Non-Sendable First Design

The easiest way to design concurrent systems in Swift was hiding in plain sight.

massicotte.org

@mattiem @matadan @pointfreeco I am... quite confused right now (about to read your post), but also very happy that this is possible.

https://github.com/rhysm94/NonIsolatedViewModels

Pushed this to GitHub as a demo, explicitly adding `nonisolated` to the View Model just to be 110% sure. And it just works. nonisolated View Model, properties updated from an async method being read from a MainActor-isolated View... and it just works. 🤯 So what I wanted is possible - no MainActor contention for tests!

@mattiem @matadan @pointfreeco

"Side-stepping the problem entirely, with a simpler type no less, almost feels like cheating."

Yep. Yep, it absolutely does feel like cheating! This is genuinely revolutionary – especially given I'm working in a codebase that's undergoing architectural + testing refactoring, and I can make these kinds of improvements at this early stage!!
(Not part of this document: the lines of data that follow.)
lemma cartan_triple_pauli_y:
  "cartan_triple (pauli_y i) (mat2_of 1 (- i) (- i) (- 1)) (mat2_of 1 i i (- 1)) 2 (- 4)"
proof
  show "\<forall>y\<in>sl2. \<exists>a b c. y = smul a (pauli_y i) + smul b (mat2_of 1 (- i) (- i) (- 1))
      + smul c (mat2_of 1 i i (- 1))"
  proof
    fix y :: "'a mat2" assume "y \<in> sl2"
    then have "y = smul (i * (y$1$2 - y$2$1) / 2) (pauli_y i)
        + smul ((y$1$1 + i * (y$1$2 + y$2$1) / 2) / 2) (mat2_of 1 (- i) (- i) (- 1))
        + smul ((y$1$1 - i * (y$1$2 + y$2$1) / 2) / 2) (mat2_of 1 i i (- 1))"
      using numerals_nonzero_if_CHAR_gt_3[OF CHAR_gt_3] powers_of_two_nonzero i_square
      by (simp add: pauli_y_def mat2_simps sl2_iff field_simps) (simp add: algebra_simps i_mult_i_mult)
    then show "\<exists>a b c. y = smul a (pauli_y i) + smul b (mat2_of 1 (- i) (- i) (- 1))
        + smul c (mat2_of 1 i i (- 1))"
      by blast
  qed
qed (use CHAR_gt_3 numerals_nonzero_if_CHAR_gt_3[OF CHAR_gt_3] i_square in
    \<open>auto intro!: hyperbolic_triple_independent simp: pauli_y_def sl2_iff mat2_simps\<close>)

lemma pauli_spanning: "\<forall>y\<in>sl2. \<exists>a b c. y = smul a pauli_z + smul b pauli_x + smul c (pauli_y i)"
proof
  fix y :: "'a mat2" assume "y \<in> sl2"
  then have "y = smul (y$1$1) pauli_z + smul ((y$1$2 + y$2$1) / 2) pauli_x
      + smul (i * (y$1$2 - y$2$1) / 2) (pauli_y i)"
    using numerals_nonzero_if_CHAR_gt_3[OF CHAR_gt_3] i_square
    by (simp add: pauli_x_def pauli_y_def pauli_z_def mat2_simps sl2_iff field_simps)
      (simp add: algebra_simps i_mult_i_mult)
  then show "\<exists>a b c. y = smul a pauli_z + smul b pauli_x + smul c (pauli_y i)"
    by blast
qed
(* Let $(\mathbb{S},\Sigma)$ be a measurable space, let $\{\mu_n\}_{n=1,2,\ldots}$ be finite measures on $(\mathbb{S},\Sigma)$ converging in total variation to a finite measure $\mu$, and let $f,f_n$ ($n=1,2,\ldots$) be measurable $[-\infty,+\infty]$-valued functions on $\mathbb{S}$ with $f\in L^1(\mathbb{S};\mu)$ and $f_n\in L^1(\mathbb{S};\mu_n)$ for each $n$. Then $$\liminf_{n\to\infty}\inf_{C\in\Sigma}\Big(\int_C f_n(s)\,\mu_n(ds)-\int_C f(s)\,\mu(ds)\Big)\ge 0$$ if and only if both of the following hold: (i) for each $\varepsilon>0$, $\mu(\{s\in\mathbb{S}: f_n(s)\le f(s)-\varepsilon\})\to 0$ as $n\to\infty$; (ii) $\{f_n^-\}_{n=1,2,\ldots}$ is asymptotically uniformly integrable with respect to $\{\mu_n\}_{n=1,2,\ldots}$.
   Context: $f^-=-\min\{f,0\}$. A sequence $\{h_n\}$ is asymptotically uniformly integrable with respect to $\{\mu_n\}$ if $\lim_{K\to+\infty}\limsup_{n\to\infty}\int_{\mathbb{S}}|h_n|\,\mathbf{1}\{|h_n|\ge K\}\,d\mu_n=0$. *)

theory Defs
  imports "HOL-Analysis.Analysis"
begin

definition tv_converges :: "(nat \<Rightarrow> 'a measure) \<Rightarrow> 'a measure \<Rightarrow> bool" where
  "tv_converges M \<mu> \<longleftrightarrow>
     (\<lambda>n. SUP C\<in>sets \<mu>. \<bar>measure (M n) C - measure \<mu> C\<bar>) \<longlonglongrightarrow> 0"

definition ereal_L1 :: "'a measure \<Rightarrow> ('a \<Rightarrow> ereal) \<Rightarrow> bool" where
  "ereal_L1 M f \<longleftrightarrow> f \<in> borel_measurable M \<and> (\<integral>\<^sup>+ x. e2ennreal \<bar>f x\<bar> \<partial>M) < \<infinity>"

text \<open>Integral of an integrable extended-real function over C (finite a.e., so the real part suffices).\<close>
definition ereal_set_integral :: "'a measure \<Rightarrow> 'a set \<Rightarrow> ('a \<Rightarrow> ereal) \<Rightarrow> real" where
  "ereal_set_integral M C f = (LINT x:C|M. real_of_ereal (f x))"

definition neg_part :: "('a \<Rightarrow> ereal) \<Rightarrow> 'a \<Rightarrow> ereal" where
  "neg_part f x = - min (f x) 0"

definition asymp_unif_integrable :: "(nat \<Rightarrow> 'a measure) \<Rightarrow> (nat \<Rightarrow> 'a \<Rightarrow> ereal) \<Rightarrow> bool" where
  "asymp_unif_integrable M h \<longleftrightarrow>
     ((\<lambda>K::real. limsup (\<lambda>n. \<integral>\<^sup>+ x \<in> {x \<in> space (M n). \<bar>h n x\<bar> \<ge> ereal K}.
                                 e2ennreal \<bar>h n x\<bar> \<partial>(M n))) \<longlongrightarrow> 0) at_top"

end

theory Submission
  imports Defs
begin

text \<open>Replace the integrands, which are finite almost everywhere, by their real parts
  \<open>g\<^sub>n\<close> and \<open>f\<close>, and let \<open>gap\<^sub>n(C) = \<integral>\<^sub>C g\<^sub>n d\<mu>\<^sub>n - \<integral>\<^sub>C f d\<mu>\<close>.
  Convergence in total variation makes the integrals of a bounded function against \<open>\<mu>\<^sub>n\<close> and
  \<open>\<mu>\<close> uniformly close (via a layer-cake decomposition), and integrability of \<open>f\<close> makes
  \<open>|f| \<le> L\<close> outside a set carrying little of its integral.
  If the gaps are asymptotically \<open>\<ge> 0\<close> uniformly in \<open>C\<close>, the gap on
  \<open>{g\<^sub>n \<le> f - \<epsilon>, |f| \<le> L}\<close> is about \<open>-\<epsilon>\<close> times its \<open>\<mu>\<^sub>n\<close>-measure, which forces (i);
  the gap on \<open>{g\<^sub>n \<le> -K}\<close> is \<open>-\<integral> g\<^sub>n\<^sup>-\<close> there up to the integral of \<open>f\<close> over a set
  that Markov's inequality makes of measure \<open>O(1/K)\<close>, which gives (ii).
  Conversely, any \<open>C\<close> splits into the part where \<open>g\<^sub>n \<ge> f - \<eta>\<close> and \<open>|f| \<le> L\<close>, on which the
  gap is at least about \<open>-\<eta>\<close> times its measure, and a rest of small \<open>\<mu>\<close>-measure, on which
  \<open>g\<^sub>n\<close> loses at most its tail below \<open>-K\<close> plus \<open>K\<close> times the measure.\<close>

section \<open>Bounded integrands under total variation\<close>

lemma tv_convergesD:
  assumes "tv_converges M \<mu>" "\<And>n. finite_measure (M n)" "finite_measure \<mu>" "0 < e"
  shows "\<forall>\<^sub>F n in sequentially. \<forall>C\<in>sets \<mu>. \<bar>measure (M n) C - measure \<mu> C\<bar> \<le> e"
proof -
  have "\<forall>\<^sub>F n in sequentially. (SUP C\<in>sets \<mu>. \<bar>measure (M n) C - measure \<mu> C\<bar>) < e"
    using assms(1,4) unfolding tv_converges_def by (rule order_tendstoD(2))
  then show ?thesis
  proof eventually_elim
    case (elim n)
    have "\<bar>measure (M n) C - measure \<mu> C\<bar> \<le> measure (M n) (space (M n)) + measure \<mu> (space \<mu>)" for C
      using finite_measure.bounded_measure[OF assms(2), of n C] finite_measure.bounded_measure[OF assms(3), of C]
        measure_nonneg[of "M n" C] measure_nonneg[of \<mu> C]
      by linarith
    then have "bdd_above ((\<lambda>C. \<bar>measure (M n) C - measure \<mu> C\<bar>) ` sets \<mu>)"
      by (rule bdd_aboveI2)
    then show ?case
      using elim cSUP_upper[of _ "sets \<mu>" "\<lambda>C. \<bar>measure (M n) C - measure \<mu> C\<bar>"] by fastforce
  qed
qed

lemma of_int_floor_divide_eq_sum_steps:
  fixes y :: real
  assumes "0 < \<delta>" "0 \<le> y" "y < \<delta> * (real N + 1)"
  shows "of_int \<lfloor>y / \<delta>\<rfloor> = (\<Sum>t<N. if \<delta> * (real t + 1) \<le> y then 1 else 0 :: real)"
proof -
  have "y / \<delta> < real N + 1" "0 \<le> y / \<delta>"
    using assms by (simp_all add: field_simps)
  then have "nat \<lfloor>y / \<delta>\<rfloor> \<le> N"
    by linarith
  have step_iff: "\<delta> * (real t + 1) \<le> y \<longleftrightarrow> t < nat \<lfloor>y / \<delta>\<rfloor>" for t
  proof -
    have "\<delta> * (real t + 1) \<le> y \<longleftrightarrow> real t + 1 \<le> y / \<delta>"
      using \<open>0 < \<delta>\<close> by (simp add: pos_le_divide_eq mult.commute)
    then show ?thesis
      by linarith
  qed
  have "{t. t < N \<and> \<delta> * (real t + 1) \<le> y} = {..<nat \<lfloor>y / \<delta>\<rfloor>}"
    using \<open>nat \<lfloor>y / \<delta>\<rfloor> \<le> N\<close> by (auto simp: step_iff)
  then have "(\<Sum>t<N. if \<delta> * (real t + 1) \<le> y then 1 else 0 :: real) = real (nat \<lfloor>y / \<delta>\<rfloor>)"
    by (simp add: sum.If_cases Int_def)
  then show ?thesis
    using \<open>0 \<le> y / \<delta>\<close> by simp
qed

lemma abs_integral_diff_le_if_sandwich:
  fixes h s :: "'a \<Rightarrow> real"
  assumes "finite_measure N" "integrable N h" "integrable N s"
    and sandwich: "\<And>x. x \<in> space N \<Longrightarrow> s x \<le> h x \<and> h x \<le> s x + \<delta>"
  shows "\<bar>(\<integral>x. h x \<partial>N) - (\<integral>x. s x \<partial>N)\<bar> \<le> \<delta> * measure N (space N)"
proof -
  interpret finite_measure N by fact
  have "(\<integral>x. h x - s x \<partial>N) \<le> (\<integral>x. \<delta> \<partial>N)"
    using assms(2,3) sandwich by (intro integral_mono) (auto simp: algebra_simps)
  moreover have "0 \<le> (\<integral>x. h x - s x \<partial>N)"
    using sandwich by (intro integral_nonneg_AE AE_I2) simp
  ultimately show ?thesis
    using assms(2,3) by (simp add: mult.commute)
qed

text \<open>A discrete layer-cake formula: the staircase \<open>\<delta> * \<lfloor>h x / \<delta>\<rfloor>\<close> lies within \<open>\<delta>\<close> below \<open>h\<close>
  and is a sum of \<open>\<delta>\<close> times the indicators of the level sets of \<open>h\<close>.\<close>

lemma integral_staircase_approx:
  fixes h :: "'a \<Rightarrow> real"
  assumes "finite_measure N" and h[measurable]: "h \<in> borel_measurable N" and "0 < \<delta>"
    and bounds: "\<And>x. x \<in> space N \<Longrightarrow> 0 \<le> h x \<and> h x < \<delta> * (real K + 1)"
  shows "\<bar>(\<integral>x. h x \<partial>N) - \<delta> * (\<Sum>t<K. measure N {x\<in>space N. \<delta> * (real t + 1) \<le> h x})\<bar>
    \<le> \<delta> * measure N (space N)"
proof -
  interpret finite_measure N by fact
  define level where "level t = {x\<in>space N. \<delta> * (real t + 1) \<le> h x}" for t
  define s where "s x = \<delta> * (\<Sum>t<K. indicator (level t) x)" for x
  have [measurable]: "level t \<in> sets N" for t
    unfolding level_def by measurable
  have s_floor: "s x = \<delta> * of_int \<lfloor>h x / \<delta>\<rfloor>" if "x \<in> space N" for x
  proof -
    have "(\<Sum>t<K. indicator (level t) x) = (\<Sum>t<K. if \<delta> * (real t + 1) \<le> h x then 1 else 0 :: real)"
      by (intro sum.cong refl) (simp add: level_def that)
    then show ?thesis
      using of_int_floor_divide_eq_sum_steps[OF \<open>0 < \<delta>\<close>, of "h x" K] bounds[OF that] by (simp add: s_def)
  qed
  have "\<bar>h x\<bar> \<le> \<delta> * (real K + 1)" if "x \<in> space N" for x
    using bounds[OF that] by simp
  then have int_h: "integrable N h"
    by (intro integrable_const_bound[where B = "\<delta> * (real K + 1)"] AE_I2) auto
  have int_s: "integrable N s"
    unfolding s_def
    by (intro integrable_mult_right Bochner_Integration.integrable_sum integrable_real_indicator)
      (auto simp: less_top[symmetric])
  have "level t \<inter> space N = level t" for t
    by (auto simp: level_def)
  then have "(\<integral>x. s x \<partial>N) = \<delta> * (\<Sum>t<K. measure N (level t))"
    unfolding s_def by (simp add: Bochner_Integration.integral_sum less_top[symmetric])
  moreover have "\<bar>(\<integral>x. h x \<partial>N) - (\<integral>x. s x \<partial>N)\<bar> \<le> \<delta> * measure N (space N)"
  proof (rule abs_integral_diff_le_if_sandwich[OF \<open>finite_measure N\<close> int_h int_s])
    fix x assume "x \<in> space N"
    then show "s x \<le> h x \<and> h x \<le> s x + \<delta>"
      using mult_left_mono[OF of_int_floor_le[of "h x / \<delta>"], of \<delta>]
        mult_strict_left_mono[OF real_of_int_floor_add_one_gt[of "h x / \<delta>"] \<open>0 < \<delta>\<close>] \<open>0 < \<delta>\<close>
      by (simp add: s_floor distrib_left)
  qed
  ultimately show ?thesis
    by (simp add: level_def)
qed
text \<open>The map A \<mapsto> C is a summation by parts: C_j = \<Sum>_{m \<ge> N-j} u_m (A_m - A_{m+1}), so the
  increments of C are those of A, rescaled by u and reversed in time, and the v-weighted Abel sum
  v_{k+1} C_{k+1} - \<Sum>_{j \<le> k} (v_{j+1} - v_j) C_j telescopes back to A_{N-k-1}. After reversing the
  summation index, the quadratic terms of V and U then agree term by term, the a-couplings agree
  after swapping a double sum, and the b-coupling of V equals the last sum of U once x_k is expanded
  as -\<Sum>_{l \<le> k} \<Sum>_{i \<le> l} b_{l,i} B_i and the triple sum over i \<le> l \<le> k is reordered.
  The map is bijective because the recursion for C can be solved backwards for A.\<close>

lemma sum_triangle_swap:
  fixes f :: "nat \<Rightarrow> nat \<Rightarrow> 'a::comm_monoid_add"
  shows "(\<Sum>m=0..n. \<Sum>q=0..m. f m q) = (\<Sum>q=0..n. \<Sum>m=q..n. f m q)"
  by (induction n) (simp_all add: sum.distrib)

lemma xseq_eq_neg_partial_sums:
  assumes "b 0 0 = -1"
  shows "xseq b B k = - (\<Sum>l=0..k. \<Sum>i=0..l. b l i *\<^sub>R B i)"
  by (induction k) (simp_all add: assms)

lemma Crec_eq_tail_sum:
  assumes "A (Suc N) = 0" and "j \<le> N"
  shows "Crec u N A j = (\<Sum>m=N-j..N. u m *\<^sub>R (A m - A (Suc m)))"
  using assms(2)
proof (induction j)
  case 0
  then show ?case using assms(1) by simp
next
  case (Suc j)
  then have "N - j = Suc (N - Suc j)" by simp
  then show ?case using Suc by (simp add: sum.atLeast_Suc_atMost)
qed

lemma vseq_weighted_Crec_eq:
  assumes "\<And>i. i \<le> N \<Longrightarrow> u i \<noteq> 0" and "k < N"
  shows "vseq u N (Suc k) *\<^sub>R Crec u N A (Suc k) - (\<Sum>j=0..k. (vseq u N (Suc j) - vseq u N j) *\<^sub>R Crec u N A j)
    = A (N - Suc k)"
  using assms(2)
proof (induction k)
  case 0
  then show ?case using assms(1)[of N] assms(1)[of "N - 1"]
    by (simp add: vseq_def algebra_simps)
next
  case (Suc k)
  then have "N - Suc k = Suc (N - Suc (Suc k))" by simp
  then show ?case using Suc assms(1)[of "N - Suc (Suc k)"]
    by (simp add: vseq_def algebra_simps)
qed

lemma dual_quadratic_terms_Crec:
  assumes "\<And>i. i \<le> N \<Longrightarrow> u i \<noteq> 0"
  shows "(\<Sum>k<N. vseq u N (Suc k) / (2 * L) * (norm (Crec u N A k - Crec u N A (Suc k)))\<^sup>2)
    = (\<Sum>k<N. u k / (2 * L) * (norm (A k - A (Suc k)))\<^sup>2)" (is "_ = ?rhs")
proof -
  have "vseq u N (Suc k) / (2 * L) * (norm (Crec u N A k - Crec u N A (Suc k)))\<^sup>2
      = u (N - Suc k) / (2 * L) * (norm (A (N - Suc k) - A (Suc (N - Suc k))))\<^sup>2" if "k < N" for k
  proof -
    have "(norm (Crec u N A k - Crec u N A (Suc k)))\<^sup>2
        = (u (N - Suc k))\<^sup>2 * (norm (A (N - Suc k) - A (Suc (N - Suc k))))\<^sup>2"
      using that by (simp add: Suc_diff_Suc norm_minus_commute power_mult_distrib)
    then show ?thesis
      using assms[of "N - Suc k"] by (simp add: vseq_def power2_eq_square)
  qed
  then have "(\<Sum>k<N. vseq u N (Suc k) / (2 * L) * (norm (Crec u N A k - Crec u N A (Suc k)))\<^sup>2)
      = (\<Sum>k<N. (\<lambda>i. u i / (2 * L) * (norm (A i - A (Suc i)))\<^sup>2) (N - Suc k))"
    by (intro sum.cong) simp_all
  also have "\<dots> = ?rhs"
    by (rule sum.nat_diff_reindex)
  finally show ?thesis .
qed
(* Let $\Theta\sim U[0,1]$ and let $T^{2,1,3/2,\Theta}$ be the random policy with $T^{2,1,3/2,\Theta}_i=\mathcal{R}^{3/2}_{2,1,\Theta}(T_i^* )$ for $i\in[n]$. Then $T^{2,1,3/2,\Theta}$ is resource-feasible with probability 1 and $\mathbb{E}_\Theta[F(T^{2,1,3/2,\Theta})]\le\frac{5}{6\ln 2}\cdot\mathrm{OPT}(P)$.
   Context: An instance consists of integers $n\ge 1$, $D\ge 1$; a joint ordering cost $K_0>0$; for each commodity $i\in[n]$ an ordering cost $K_i>0$ and a holding coefficient $H_i>0$; and resource coefficients $\alpha_{id}\ge 0$. A policy is $T=(T_1,\dots,T_n)\in\mathbb{R}_{>0}^n$; it is resource-feasible if $\sum_{i}\alpha_{id}/T_i\le 1$ for every $d\in[D]$. For $g>0$, $\Delta\ge 0$, $\mathcal{M}_{g,\Delta}=\{0,g,\dots,\lfloor\Delta/g\rfloor g\}$; $N(T,\Delta)=|\bigcup_{i}\mathcal{M}_{T_i,\Delta}|$; $J(T)=K_0\limsup_{\Delta\to\infty}N(T,\Delta)/\Delta$; $F(T)=J(T)+\sum_i(K_i/T_i+H_iT_i)$. The convex relaxation (P) is: minimize $K_0/T_{\min}+\sum_{i\in[n]}(K_i/T_i+H_iT_i)$ over $(T_{\min},T_1,\dots,T_n)$ subject to $T_i\ge T_{\min}\ge0$ for all $i$ and $\sum_i\alpha_{id}/T_i\le1$ for all $d$. $\mathrm{OPT}(P)$ is its optimal value and $T^*=(T^*_{\min},T^*_1,\dots,T^*_n)$ is a fixed optimal solution (with $T^*_{\min}>0$). For $\theta\in[0,1]$: $\mathcal{H}^{3/2}_{2,1,\theta}=\{2^{p+\theta}T^*_{\min}:p\in\mathbb{Z}\}\cup\{\tfrac32\cdot2^{p+\theta}T^*_{\min}:p\in\mathbb{Z}\}$ and $\mathcal{R}^{3/2}_{2,1,\theta}(t)=\min\{g\in\mathcal{H}^{3/2}_{2,1,\theta}:g>t\}$ for $t>0$. *)

theory Defs
  imports "HOL-Probability.Probability"
begin

text \<open>Commodities are indexed by i < n, resources by d < D.
  A policy is a function T :: nat => real (only the values at i < n matter).\<close>

definition resource_feasible ::
  "nat \<Rightarrow> nat \<Rightarrow> (nat \<Rightarrow> nat \<Rightarrow> real) \<Rightarrow> (nat \<Rightarrow> real) \<Rightarrow> bool" where
  "resource_feasible n D \<alpha> T \<longleftrightarrow>
     (\<forall>i<n. 0 < T i) \<and> (\<forall>d<D. (\<Sum>i<n. \<alpha> i d / T i) \<le> 1)"

definition multiples :: "real \<Rightarrow> real \<Rightarrow> real set" where
  "multiples g \<Delta> = {real k * g | k::nat. k \<le> nat \<lfloor>\<Delta> / g\<rfloor>}"

definition Ncount :: "nat \<Rightarrow> (nat \<Rightarrow> real) \<Rightarrow> real \<Rightarrow> nat" where
  "Ncount n T \<Delta> = card (\<Union>i<n. multiples (T i) \<Delta>)"

definition Jcost :: "nat \<Rightarrow> real \<Rightarrow> (nat \<Rightarrow> real) \<Rightarrow> real" where
  "Jcost n K0 T = K0 * real_of_ereal
     (Limsup at_top (\<lambda>\<Delta>::real. ereal (real (Ncount n T \<Delta>) / \<Delta>)))"

definition Fcost :: "nat \<Rightarrow> real \<Rightarrow> (nat \<Rightarrow> real) \<Rightarrow> (nat \<Rightarrow> real) \<Rightarrow> (nat \<Rightarrow> real) \<Rightarrow> real" where
  "Fcost n K0 K H T = Jcost n K0 T + (\<Sum>i<n. K i / T i + H i * T i)"

text \<open>Relaxation (P). Since K0 > 0, K0/Tmin is +infinity at Tmin = 0,
  so feasible points with finite objective have Tmin > 0.\<close>

definition P_feasible :: "nat \<Rightarrow> nat \<Rightarrow> (nat \<Rightarrow> nat \<Rightarrow> real) \<Rightarrow> real \<Rightarrow> (nat \<Rightarrow> real) \<Rightarrow> bool" where
  "P_feasible n D \<alpha> Tmin T \<longleftrightarrow>
     0 < Tmin \<and> (\<forall>i<n. Tmin \<le> T i) \<and> (\<forall>d<D. (\<Sum>i<n. \<alpha> i d / T i) \<le> 1)"

definition P_obj :: "nat \<Rightarrow> real \<Rightarrow> (nat \<Rightarrow> real) \<Rightarrow> (nat \<Rightarrow> real) \<Rightarrow> real \<Rightarrow> (nat \<Rightarrow> real) \<Rightarrow> real" where
  "P_obj n K0 K H Tmin T = K0 / Tmin + (\<Sum>i<n. K i / T i + H i * T i)"

definition OPT_P :: "nat \<Rightarrow> nat \<Rightarrow> real \<Rightarrow> (nat \<Rightarrow> real) \<Rightarrow> (nat \<Rightarrow> real) \<Rightarrow> (nat \<Rightarrow> nat \<Rightarrow> real) \<Rightarrow> real" where
  "OPT_P n D K0 K H \<alpha> =
     Inf {P_obj n K0 K H Tmin T | Tmin T. P_feasible n D \<alpha> Tmin T}"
@rhysmorgan @mattiem @pointfreeco nonisolated things can run on MainActor because they are not isolated to another isolation context. I think that’s right. It is difficult to get straight TBH.
@matadan @mattiem @pointfreeco I’m just shocked that even with an Observation happening from that nonisolated state, with the update being triggered from a nonisolated, @.concurrent async closure, Swift and SwiftUI are all happy, all OK!